Isabeau, part of my orchestra again. Turning toward the string section and seeing her just a few feet away, looking back at me. Feeling that exquisite happiness that only comes from knowing she’s close to me.

But Isabeau can’t come on tour with us. Spending every day and night together for the next five weeks is out of the question with the way things ended between us. This tour is meant to be an escape for me, a way to get out of the funk and uncertainty that has invaded my life so I can consider what I want next. Is the answer Europe? Is it New York? Somewhere further afield? Where is up, what is onwards when you have achieved your lofty goals by the age of thirty-eight? That’s the whole reason I said yes to this “fiasco”, as Marcus called it, with parts of the orchestra on leave. To stretch myself and help clarify things. But I won’t be able to think straight with Isabeau close to me.

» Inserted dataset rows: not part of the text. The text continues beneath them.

(* Let $T$ be a Galton–Watson tree with finite alphabet $\mathbb{A}$ and offspring distribution $W$ with $m=\mathbb{E}|W|>1$. For integers $k,a>0$ define $g_{k,a}(s)=\mathbb{P}(Z_k^{(s)}<a)$ for $s\in[0,1]$. Let $(a_k)_{k\in\mathbb{N}}$ be positive integers with $\limsup_{k\to\infty}a_k^{1/k}<m$. Then $g_{k,a_k}(s)\to\mathbb{P}(\text{extinction})$ as $k\to\infty$, for every $s\in(0,1)$.
   Context: The Galton–Watson tree with offspring distribution $W$ (random subset of $\mathbb{A}$, $\mathbb{P}(i\in W)>0$ for all $i$) is $T_0=\{\emptyset\}$, $T_n=\{aj:a\in T_{n-1},j\in W_a\}$, $(W_a)$ independent copies of $W$; extinction means $T_n=\emptyset$ for some $n$. $T_k^{(s)}=T_k\cap Y$ where $Y\subseteq\mathbb{A}^k$ is independent of $T$ with $\mathbb{P}(Y=B)=(1-s)^{|B|}s^{|\mathbb{A}^k\setminus B|}$; $Z_k^{(s)}=|T_k^{(s)}|$. *)

theory Defs
  imports "HOL-Probability.Probability"
begin

definition words :: "nat \<Rightarrow> 'a list set" where
  "words k = {w. length w = k}"

fun gw_tree :: "('a list \<Rightarrow> 'm \<Rightarrow> 'a set) \<Rightarrow> nat \<Rightarrow> 'm \<Rightarrow> 'a list set" where
  "gw_tree Wf 0 \<omega> = {[]}"
| "gw_tree Wf (Suc n) \<omega> = {u @ [j] | u j. u \<in> gw_tree Wf n \<omega> \<and> j \<in> Wf u \<omega>}"
lemma Laurent_loc_add:
  assumes "f \<in> Laurent_loc u v D" and "g \<in> Laurent_loc u v D"
  shows "f + g \<in> Laurent_loc u v D"
proof -
  let ?e = "eval2 D u v" and ?X = "[:[:0, 1:]:]" and ?Y = "[:0, 1:]"
  obtain P i j k where f: "f * u ^ i * v ^ j * ?e ^ k = eval2 P u v"
    using assms(1) Laurent_loc_def by blast
  obtain Q i' j' k' where g: "g * u ^ i' * v ^ j' * ?e ^ k' = eval2 Q u v"
    using assms(2) Laurent_loc_def by blast
  have "(f + g) * u ^ (i + i') * v ^ (j + j') * ?e ^ (k + k') =
      (f * u ^ i * v ^ j * ?e ^ k) * u ^ i' * v ^ j' * ?e ^ k'
      + (g * u ^ i' * v ^ j' * ?e ^ k') * u ^ i * v ^ j * ?e ^ k"
    by (simp add: power_add algebra_simps)
  also have "\<dots> = eval2 (P * ?X ^ i' * ?Y ^ j' * D ^ k' + Q * ?X ^ i * ?Y ^ j * D ^ k) u v"
    unfolding f g by (simp add: eval2_add eval2_mult eval2_power)
  finally show ?thesis
    by (rule Laurent_locI)
qed

lemma Laurent_loc_mult:
  assumes "f \<in> Laurent_loc u v D" and "g \<in> Laurent_loc u v D"
  shows "f * g \<in> Laurent_loc u v D"
proof -
  let ?e = "eval2 D u v"
  obtain P i j k where f: "f * u ^ i * v ^ j * ?e ^ k = eval2 P u v"
    using assms(1) Laurent_loc_def by blast
  obtain Q i' j' k' where g: "g * u ^ i' * v ^ j' * ?e ^ k' = eval2 Q u v"
    using assms(2) Laurent_loc_def by blast
  have "(f * g) * u ^ (i + i') * v ^ (j + j') * ?e ^ (k + k') =
      (f * u ^ i * v ^ j * ?e ^ k) * (g * u ^ i' * v ^ j' * ?e ^ k')"
    by (simp add: power_add algebra_simps)
  also have "\<dots> = eval2 (P * Q) u v"
    unfolding f g by (simp add: eval2_mult)
  finally show ?thesis
    by (rule Laurent_locI)
qed

lemma subalgebra_Laurent_loc: "is_subalgebra (Laurent_loc u v D)"
  unfolding is_subalgebra_def
  using eval2_in_Laurent_loc[of "[:[:_:]:]" u v D] Laurent_loc_add Laurent_loc_mult by auto

lemma subalgebra_Laurent: "is_subalgebra (Laurent u v)"
  by (simp add: Laurent_eq_Laurent_loc_1 subalgebra_Laurent_loc)

lemma Laurent_subset:
  assumes S: "is_subalgebra S" and "u \<noteq> 0" "v \<noteq> 0"
    and "u \<in> S" "v \<in> S" "inverse u \<in> S" "inverse v \<in> S"
  shows "Laurent u v \<subseteq> S"
proof
  fix f assume "f \<in> Laurent u v"
  then obtain P i j where "f * u ^ i * v ^ j = eval2 P u v"
    unfolding Laurent_def by blast
  then have "f = eval2 P u v * inverse u ^ i * inverse v ^ j"
    using assms(2,3) by (simp add: field_simps power_inverse)
  also have "\<dots> \<in> S"
    using assms by (intro subalgebra_mult subalgebra_power subalgebra_eval2) auto
  finally show "f \<in> S" .
qed
lemma coboundary_on_cyclic_inj:
  assumes c: "cocycle c" and inj: "inj (\<lambda>a. zmul a t)"
  shows "coboundary_on (cyclic t) c"
proof -
  have "cocycle (\<lambda>(a, b). c (zmul a t, zmul b t))"
    using cocycle_comp_additive[OF c, of "\<lambda>a. zmul a t"] by (simp add: zmul_add)
  then obtain \<psi> where \<psi>: "\<And>a b. c (zmul a t, zmul b t) = \<psi> b - \<psi> (a + b) + \<psi> a"
    using int_cocycle_is_coboundary unfolding coboundary_on_def by fastforce
  show ?thesis
  proof (rule coboundary_onI[OF c, where \<phi> = "\<psi> \<circ> inv (\<lambda>a. zmul a t)"])
    show "0 \<in> cyclic t"
      by (rule is_subgroup_zero[OF is_subgroup_cyclic])
  next
    fix x y
    assume "x \<in> cyclic t" "y \<in> cyclic t"
    then obtain a b where "x = zmul a t" "y = zmul b t"
      unfolding cyclic_def by auto
    moreover have "x + y = zmul (a + b) t"
      by (simp add: calculation zmul_add)
    ultimately show "c (x, y) = (\<psi> \<circ> inv (\<lambda>a. zmul a t)) y - (\<psi> \<circ> inv (\<lambda>a. zmul a t)) (x + y)
        + (\<psi> \<circ> inv (\<lambda>a. zmul a t)) x"
      by (simp add: inv_f_f[OF inj] \<psi>)
  qed
qed
definition W1cont :: "pt set \<Rightarrow> real \<Rightarrow> ereal \<Rightarrow> (pt \<Rightarrow> real \<Rightarrow> real) \<Rightarrow> bool" where
  "W1cont \<Omega> \<theta> T u \<longleftrightarrow> (\<exists>G. (\<forall>t\<in>tint0 T. weak_grad \<Omega> \<theta> (\<lambda>x. u x t) (G t)) \<and>
     (\<forall>t0\<in>tint0 T. ((\<lambda>t. (LINT x:\<Omega>|lborel. \<bar>u x t - u x t0\<bar> powr \<theta>)
                        + (LINT x:\<Omega>|lborel. norm (G t x - G t0 x) powr \<theta>)) \<longlongrightarrow> 0)
                   (at t0 within tint0 T)))"

definition classical_solution ::
  "pt set \<Rightarrow> (pt \<Rightarrow> real) \<Rightarrow> (nat \<Rightarrow> real) \<Rightarrow> real \<Rightarrow> (nat \<Rightarrow> real) \<Rightarrow> (nat \<Rightarrow> real) \<Rightarrow>
   (nat \<Rightarrow> real) \<Rightarrow> (nat \<Rightarrow> real) \<Rightarrow> (pt \<Rightarrow> real) \<Rightarrow> (pt \<Rightarrow> real) \<Rightarrow> (pt \<Rightarrow> real) \<Rightarrow>
   ereal \<Rightarrow> (pt \<Rightarrow> real \<Rightarrow> real) \<Rightarrow> (pt \<Rightarrow> real \<Rightarrow> real) \<Rightarrow> (pt \<Rightarrow> real \<Rightarrow> real) \<Rightarrow> bool" where
  "classical_solution \<Omega> \<phi> d chi lam mu a b u0 v0 w0 T u v w \<longleftrightarrow>
     0 < T \<and> C21 \<Omega> T u \<and> C21 \<Omega> T v \<and> C21 \<Omega> T w \<and>
     (\<exists>\<theta>>2. W1cont \<Omega> \<theta> T u \<and> W1cont \<Omega> \<theta> T v) \<and>
     (\<forall>x\<in>\<Omega>. \<forall>t\<in>tint T.
        (\<forall>i. has_pd i (\<lambda>y. w y t * pd i (\<lambda>z. u z t * v z t) y) x) \<and>
        deriv (\<lambda>s. u x s) t = d 1 * lap (\<lambda>y. u y t) x
           + u x t * (lam 1 - mu 1 * u x t - a 1 * v x t - a 2 * w x t) \<and>
        deriv (\<lambda>s. v x s) t = d 2 * lap (\<lambda>y. v y t) x
           + v x t * (lam 2 - mu 2 * v x t + b 1 * u x t - a 3 * w x t) \<and>
        deriv (\<lambda>s. w x s) t = d 3 * lap (\<lambda>y. w y t) x
           - chi * divg (\<lambda>y. w y t *\<^sub>R grad (\<lambda>z. u z t * v z t) y) x
           + w x t * (lam 3 - mu 3 * w x t + b 2 * u x t + b 3 * v x t)) \<and>
     (\<forall>x\<in>frontier \<Omega>. \<forall>t\<in>tint T.
        ((\<lambda>(y,s). grad (\<lambda>z. u z s) y \<bullet> normal \<phi> x) \<longlongrightarrow> 0) (at (x,t) within \<Omega> \<times> tint T) \<and>
        ((\<lambda>(y,s). grad (\<lambda>z. v z s) y \<bullet> normal \<phi> x) \<longlongrightarrow> 0) (at (x,t) within \<Omega> \<times> tint T) \<and>
        ((\<lambda>(y,s). grad (\<lambda>z. w z s) y \<bullet> normal \<phi> x) \<longlongrightarrow> 0) (at (x,t) within \<Omega> \<times> tint T)) \<and>
     (AE x in lborel. x \<in> \<Omega> \<longrightarrow> u x 0 = u0 x) \<and>
     (AE x in lborel. x \<in> \<Omega> \<longrightarrow> v x 0 = v0 x) \<and>
     (\<forall>x\<in>closure \<Omega>. w x 0 = w0 x)"

definition maximal_solution ::
  "pt set \<Rightarrow> (pt \<Rightarrow> real) \<Rightarrow> (nat \<Rightarrow> real) \<Rightarrow> real \<Rightarrow> (nat \<Rightarrow> real) \<Rightarrow> (nat \<Rightarrow> real) \<Rightarrow>
   (nat \<Rightarrow> real) \<Rightarrow> (nat \<Rightarrow> real) \<Rightarrow> (pt \<Rightarrow> real) \<Rightarrow> (pt \<Rightarrow> real) \<Rightarrow> (pt \<Rightarrow> real) \<Rightarrow>
   ereal \<Rightarrow> (pt \<Rightarrow> real \<Rightarrow> real) \<Rightarrow> (pt \<Rightarrow> real \<Rightarrow> real) \<Rightarrow> (pt \<Rightarrow> real \<Rightarrow> real) \<Rightarrow> bool" where
  "maximal_solution \<Omega> \<phi> d chi lam mu a b u0 v0 w0 T u v w \<longleftrightarrow>
     classical_solution \<Omega> \<phi> d chi lam mu a b u0 v0 w0 T u v w \<and>
     \<not> (\<exists>T' u' v' w'. T < T' \<and> classical_solution \<Omega> \<phi> d chi lam mu a b u0 v0 w0 T' u' v' w' \<and>
         (\<forall>x\<in>closure \<Omega>. \<forall>t\<in>tint0 T. u' x t = u x t \<and> v' x t = v x t \<and> w' x t = w x t))"

end

theory Submission
  imports Defs
begin

text \<open>Both bounds come from a comparison principle for Neumann problems: if
  \<open>u\<^sub>t \<le> d \<Delta>u\<close> wherever \<open>u \<ge> M\<close> and \<open>u(\<cdot>,0) \<le> M\<close>, then \<open>u \<le> M\<close>. Because all three
  components are nonnegative, \<open>u\<close> is a subsolution of the logistic equation
  \<open>u\<^sub>t = d\<^sub>1 \<Delta>u + u(\<lambda>\<^sub>1 - \<mu>\<^sub>1 u)\<close>, hence \<open>u \<le> max(sup u(\<cdot>,0), \<lambda>\<^sub>1/\<mu>\<^sub>1) =: M\<^sub>1\<close>; then \<open>v\<close> is
  a subsolution of \<open>v\<^sub>t = d\<^sub>2 \<Delta>v + v(\<lambda>\<^sub>2 + b\<^sub>1 M\<^sub>1 - \<mu>\<^sub>2 v)\<close>. The cross-diffusion term only
  enters the equation for \<open>w\<close>.

  The comparison principle is proved by contradiction with the perturbation
  \<open>z = u - M - \<epsilon>(\<phi> + c + 1 + K t)\<close>, where \<open>\<phi>\<close> is the defining function of \<open>\<Omega>\<close>,
  \<open>c \<ge> sup |\<phi>|\<close> and \<open>K > d sup \<Delta>\<phi>\<close>. At the first time \<open>z\<close> reaches \<open>0\<close>, an interior
  touching point gives \<open>u\<^sub>t \<ge> \<epsilon>K > d \<epsilon> sup \<Delta>\<phi> \<ge> d \<Delta>u\<close>, while at a boundary touching
  point the Neumann condition and \<open>\<partial>\<^sub>\<nu>\<phi> = |\<nabla>\<phi>| > 0\<close> make \<open>z\<close> increase along the inward normal.\<close>

section \<open>Elementary real analysis\<close>

lemma compact_continuous_abs_bound:
  fixes f :: "'a::topological_space \<Rightarrow> real"
  assumes "compact S" "continuous_on S f"
  obtains B where "B \<ge> 0" "\<forall>x\<in>S. \<bar>f x\<bar> \<le> B"
proof -
  have "bounded (f ` S)"
    using assms compact_continuous_image compact_imp_bounded by blast
  then obtain B where "\<forall>x\<in>S. \<bar>f x\<bar> \<le> B"
    unfolding bounded_iff by auto
  then show ?thesis
    using that[of "max B 0"] by fastforce
qed

lemma second_derivative_nonpos_at_local_max:
  fixes F F' :: "real \<Rightarrow> real"
  assumes r: "r > 0" and F: "\<And>s. \<bar>s\<bar> < r \<Longrightarrow> (F has_real_derivative F' s) (at s)"
    and F': "(F' has_real_derivative D) (at 0)" and max: "\<And>s. \<bar>s\<bar> < r \<Longrightarrow> F s \<le> F 0"
  shows "D \<le> 0"
proof (rule ccontr)
  assume "\<not> D \<le> 0"
  have "F' 0 = 0"
    using DERIV_local_max[OF F[of 0] r] max r by simp
  then obtain e where e: "e > 0" "\<And>h. 0 < h \<Longrightarrow> h < e \<Longrightarrow> 0 < F' h"
    using DERIV_pos_inc_right[OF F'] \<open>\<not> D \<le> 0\<close> by force
  define c where "c = min e r / 2"
  have c: "0 < c" "c < e" "c < r"
    using e r by (auto simp: c_def)
  have "F 0 < F c"
  proof (rule DERIV_pos_imp_increasing_open[OF c(1)])
    fix s assume "0 < s" "s < c"
    then show "\<exists>y. (F has_real_derivative y) (at s) \<and> 0 < y"
      using F[of s] e c by (intro exI[of _ "F' s"]) auto
  next
    show "continuous_on {0..c} F"
      using c by (intro continuous_at_imp_continuous_on ballI DERIV_isCont[OF F]) auto
  qed
  with max[of c] c show False
    by simp
qed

They’re both still looking at me, expectant, so I reach for the first phrase to hand. “My assistant will call you.”

Marcus starts to say something but I go back to my office, close the door behind me and rest my back against it. I picture the way Isabeau’s hair fell across her shoulders as she played just now, thick and soft and beautiful. I remember how it felt running through my fingers that night. The memory comes back as clear as a single note from a Stradivarius violin. How she felt in my arms at last. My perfect, untouchable girl, finally mine.

A knock on my door startles me out of my reverie. Fuck. Isabeau.

But when I open my door I see, not Isabeau, but a smiling man in his forties holding a cello case. He beams at me. “Sorry I’m late. Roger Somers, here to audition.”